__Records for this exercise__
text \<open>The boundary of the rectangle relative to \<open>Espace\<close> consists of the bottom edge and
  of those vertical edges that lie in the interior \<open>0 < x < \<infinity>\<close>.\<close>
lemma \<nu>_rectangle_tendsto:
  fixes p q :: ereal
  assumes y: "y > 0" and p: "0 \<le> p" and pq: "p \<le> q"
    and left: "0 < p \<Longrightarrow> emeasure \<mu> ({p} \<times> {ereal y..\<infinity>}) = 0"
    and right: "q < \<infinity> \<Longrightarrow> emeasure \<mu> ({q} \<times> {ereal y..\<infinity>}) = 0"
    and bottom: "emeasure \<mu> ({0..\<infinity>} \<times> {ereal y}) = 0"
  shows "((\<lambda>t. \<nu> t ({p..q} \<times> {ereal y..\<infinity>})) \<longlongrightarrow> measure \<mu> ({p..q} \<times> {ereal y..\<infinity>})) at_top"
proof (rule vague_conv_E_tendsto_closed[OF vague[folded \<nu>_def[abs_def]] radon])
  let ?R = "{p..q} \<times> {ereal y..\<infinity>}"
  let ?U = "((if p = 0 then UNIV else {p<..}) \<inter> (if q = \<infinity> then UNIV else {..<q})) \<times> {ereal y<..}"
  let ?N = "({p} \<inter> {0<..}) \<times> {ereal y..\<infinity>} \<union> ({q} \<inter> {..<\<infinity>}) \<times> {ereal y..\<infinity>} \<union> {0..\<infinity>} \<times> {ereal y}"
  show "closed ?R" by (intro closed_Times closed_atLeastAtMost closed_atLeast)
  show "compact ?R"
    by (intro compact_Times compact_ereal_atLeastAtMost)
  show "?R \<subseteq> Espace" using y p by (intro Times_subset_Espace) auto
  show "open ?U" by (intro open_Times open_Int open_greaterThan) (auto simp: open_lessThan)
  show "?U \<inter> Espace \<subseteq> ?R" by (auto simp: Espace_def split: if_splits)
  show "?R - ?U \<subseteq> ?N"
  proof
    fix z assume z: "z \<in> ?R - ?U"
    then have "0 \<le> fst z" using p by (auto intro: order_trans)
    with z show "z \<in> ?N" using p by (cases z) (auto simp: not_less split: if_splits)
  qed
  show "?N \<in> sets \<mu>"
    using y p pq by (intro sets.Un Times_in_sets_\<mu>[of _ _ y]) auto
  have "emeasure \<mu> ?N \<le> emeasure \<mu> (({p} \<inter> {0<..}) \<times> {ereal y..\<infinity>})
      + emeasure \<mu> (({q} \<inter> {..<\<infinity>}) \<times> {ereal y..\<infinity>}) + emeasure \<mu> ({0..\<infinity>} \<times> {ereal y})"
    using y p pq by (intro order_trans[OF emeasure_subadditive] add_right_mono emeasure_subadditive
        Times_in_sets_\<mu>[of _ _ y] sets.Un) auto
  also have "\<dots> = 0" using left right bottom by (cases "0 < p"; cases "q < \<infinity>") auto
  finally show "emeasure \<mu> ?N = 0" by simp
qed

lemma measure_upper_rectangle_eq:
  assumes y: "y > 0" and x: "x \<ge> 0"
  shows "measure \<mu> ({ereal x<..\<infinity>} \<times> {ereal y<..\<infinity>}) =
    measure \<mu> ({0..\<infinity>} \<times> {ereal y<..\<infinity>}) - measure \<mu> ({0..ereal x} \<times> {ereal y<..\<infinity>})"
proof -
  let ?P = "{0..ereal x} \<times> {ereal y<..\<infinity>}" and ?Q = "{ereal x<..\<infinity>} \<times> {ereal y<..\<infinity>}"
  have x_le: "{ereal x<..\<infinity>} \<subseteq> {0..\<infinity>}"
    using x by (auto intro: ereal_nonneg_if_gt)
  have "{ereal y<..\<infinity>} \<subseteq> {ereal y..\<infinity>}" by auto
  then have "?P \<in> fmeasurable \<mu>" "?Q \<in> fmeasurable \<mu>"
    using y x_le by (auto intro!: Times_fmeasurable[of _ _ y])
  moreover have "{0..\<infinity>} \<times> {ereal y<..\<infinity>} = ?P \<union> ?Q" using x_le by auto
  moreover have "?P \<inter> ?Q = {}" by auto
  ultimately show ?thesis by (simp add: measure_Union fmeasurableD fmeasurableD2)
qed

lemma upper_rectangle_tendsto_zero:
  assumes "y > 0"
  shows "((\<lambda>x. measure \<mu> ({ereal x<..\<infinity>} \<times> {ereal y<..\<infinity>})) \<longlongrightarrow> 0) at_top"
proof -
  let ?F = "\<lambda>x. measure \<mu> ({0..ereal x} \<times> {ereal y<..\<infinity>})"
  let ?L = "measure \<mu> ({0..\<infinity>} \<times> {ereal y<..\<infinity>})"
  have "(?F \<longlongrightarrow> ?L) at_top" using nondeg[OF assms] unfolding nondeg_df_def by blast
  then have "((\<lambda>x. ?L - ?F x) \<longlongrightarrow> 0) at_top"
    using tendsto_diff[OF tendsto_const, of ?F ?L at_top ?L] by simp
  moreover have "eventually (\<lambda>x. ?L - ?F x = measure \<mu> ({ereal x<..\<infinity>} \<times> {ereal y<..\<infinity>})) at_top"
    using eventually_ge_at_top[of 0]
    by eventually_elim (simp add: measure_upper_rectangle_eq[OF assms])
  ultimately show ?thesis by (rule Lim_transform_eventually)
qed

lemma measure_rectangle_gap:
  assumes y: "0 < y" "y \<le> 1" and x: "x > 0"
    and gap1: "measure \<mu> ({0..ereal x} \<times> {ereal 1<..\<infinity>}) < measure \<mu> ({0..\<infinity>} \<times> {ereal 1<..\<infinity>})"
  shows "measure \<mu> ({0..ereal x} \<times> {ereal y..\<infinity>}) < measure \<mu> ({0..\<infinity>} \<times> {ereal y..\<infinity>})"
proof -
  let ?A = "{0..ereal x} \<times> {ereal y..\<infinity>}" and ?B = "{0..\<infinity>} \<times> {ereal y..\<infinity>}"
  let ?D = "{ereal x<..\<infinity>} \<times> {ereal y..\<infinity>}"
  have x_le: "{ereal x<..\<infinity>} \<subseteq> {0..\<infinity>}"
    using less_imp_le[OF x] by (auto intro: ereal_nonneg_if_gt)
  have "0 < measure \<mu> ({ereal x<..\<infinity>} \<times> {ereal 1<..\<infinity>})"
    using gap1 measure_upper_rectangle_eq[of 1 x] x by simp
  also have "\<dots> \<le> measure \<mu> ?D"
  proof (rule measure_mono_fmeasurable)
    show "{ereal x<..\<infinity>} \<times> {ereal 1<..\<infinity>} \<subseteq> ?D"
      using y by (intro Sigma_mono ereal_greaterThan_subset_atLeast) auto
    show "{ereal x<..\<infinity>} \<times> {ereal 1<..\<infinity>} \<in> sets \<mu>"
      using x_le by (intro Times_in_sets_\<mu>[of _ _ 1]) auto
    show "?D \<in> fmeasurable \<mu>" using x_le y by (intro Times_fmeasurable[of _ _ y]) auto
  qed
  also have "measure \<mu> ?D = measure \<mu> ?B - measure \<mu> ?A"
  proof -
    have "?A \<in> fmeasurable \<mu>" "?D \<in> fmeasurable \<mu>"
      using x_le y by (auto intro!: Times_fmeasurable[of _ _ y])
    moreover have "?B = ?A \<union> ?D" using x_le by auto
    moreover have "?A \<inter> ?D = {}" by auto
    ultimately show ?thesis by (simp add: measure_Union fmeasurableD fmeasurableD2)
  qed
  finally show ?thesis by simp
qed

__Action item__
Whenever "dots" shows up in a line of the listing, copy that whole line.

__Solution to the problem__
  also have "\<dots> = 0" using left right bottom by (cases "0 < p"; cases "q < \<infinity>") auto
  also have "\<dots> \<le> measure \<mu> ?D"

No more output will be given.